theorem mainTheorem12:
  fixes ar :: "'f \<Rightarrow> nat"
    and \<Sigma> :: "(('f, nat) trm \<times> ('f, nat) trm) set"
    and B :: "('f, 'a) alg"
  assumes "identities ar \<Sigma>"
    and "cp_variety ar \<Sigma> TYPE('a)"
    and "in_var ar \<Sigma> B"
    and "\<exists>A. subalgebra ar A B \<and> fully_epic_in ar \<Sigma> A B"
  shows "FSI ar B"
proof -
  obtain A where sub: "subalgebra ar A B" and full: "full_in ar A B" and epic: "epic_in ar \<Sigma> A B"
    using assms(4) unfolding fully_epic_in_def by blast
  have proper: "A \<subset> fst B" and "A \<noteq> {}" using full sub unfolding full_in_def subalgebra_def by auto
  then obtain a b where "a \<in> fst B" "b \<in> fst B" "a \<in> A" "b \<notin> A" by blast
  then have nontrivial: "\<exists>x\<in>fst B. \<exists>y\<in>fst B. x \<noteq> y"
    by (intro bexI[of _ a] bexI[of _ b]) auto
  have cpA: "cong_permutable ar (A, snd B)"
    using cp_variety_cong_permutable[OF assms(1,2) subalgebra_in_var[OF assms(3) sub]] .
  have "\<theta>1 = Id_on (fst B) \<or> \<theta>2 = Id_on (fst B)"
    if c1: "congruence ar B \<theta>1" and c2: "congruence ar B \<theta>2" and meet: "\<theta>1 \<inter> \<theta>2 = Id_on (fst B)"
    for \<theta>1 \<theta>2
  proof (rule ccontr)
    assume "\<not> ?thesis"
    then have "\<forall>b\<in>fst B. \<exists>a\<in>A. (b, a) \<in> \<theta>1" "\<forall>b\<in>fst B. \<exists>a\<in>A. (b, a) \<in> \<theta>2"
      using full c1 c2 unfolding full_in_def by auto
    moreover have "(\<theta>1 \<inter> A \<times> A) O (\<theta>2 \<inter> A \<times> A) = (\<theta>2 \<inter> A \<times> A) O (\<theta>1 \<inter> A \<times> A)"
      using cpA congruence_restrict[OF c1 sub] congruence_restrict[OF c2 sub]
      unfolding cong_permutable_def by blast
    ultimately have "fst B \<subseteq> A"
      using carrier_subset_epic_subalgebra[OF assms(1,3) sub epic c1 c2 meet] by blast
    then show False using proper by blast
  qed
  then show ?thesis using nontrivial unfolding FSI_def by blast
qed

end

• **What is expected**:
Make a verbatim copy of every entry shown above.

• **Response box**:
theorem mainTheorem12:
  fixes ar :: "'f \<Rightarrow> nat"
    and \<Sigma> :: "(('f, nat) trm \<times> ('f, nat) trm) set"
    and B :: "('f, 'a) alg"
  assumes "identities ar \<Sigma>"
    and "cp_variety ar \<Sigma> TYPE('a)"
    and "in_var ar \<Sigma> B"
    and "\<exists>A. subalgebra ar A B \<and> fully_epic_in ar \<Sigma> A B"
  shows "FSI ar B"
proof -
  obtain A where sub: "subalgebra ar A B" and full: "full_in ar A B" and epic: "epic_in ar \<Sigma> A B"
    using assms(4) unfolding fully_epic_in_def by blast
  have proper: "A \<subset> fst B" and "A \<noteq> {}" using full sub unfolding full_in_def subalgebra_def by auto
  then obtain a b where "a \<in> fst B" "b \<in> fst B" "a \<in> A" "b \<notin> A" by blast
  then have nontrivial: "\<exists>x\<in>fst B. \<exists>y\<in>fst B. x \<noteq> y"
    by (intro bexI[of _ a] bexI[of _ b]) auto
  have cpA: "cong_permutable ar (A, snd B)"
    using cp_variety_cong_permutable[OF assms(1,2) subalgebra_in_var[OF assms(3) sub]] .
  have "\<theta>1 = Id_on (fst B) \<or> \<theta>2 = Id_on (fst B)"
    if c1: "congruence ar B \<theta>1" and c2: "congruence ar B \<theta>2" and meet: "\<theta>1 \<inter> \<theta>2 = Id_on (fst B)"
    for \<theta>1 \<theta>2
  proof (rule ccontr)
    assume "\<not> ?thesis"
    then have "\<forall>b\<in>fst B. \<exists>a\<in>A. (b, a) \<in> \<theta>1" "\<forall>b\<in>fst B. \<exists>a\<in>A. (b, a) \<in> \<theta>2"
      using full c1 c2 unfolding full_in_def by auto
    moreover have "(\<theta>1 \<inter> A \<times> A) O (\<theta>2 \<inter> A \<times> A) = (\<theta>2 \<inter> A \<times> A) O (\<theta>1 \<inter> A \<times> A)"
      using cpA congruence_restrict[OF c1 sub] congruence_restrict[OF c2 sub]
      unfolding cong_permutable_def by blast
    ultimately have "fst B \<subseteq> A"
      using carrier_subset_epic_subalgebra[OF assms(1,3) sub epic c1 c2 meet] by blast
    then show False using proper by blast
  qed
  then show ?thesis using nontrivial unfolding FSI_def by blast
qed

end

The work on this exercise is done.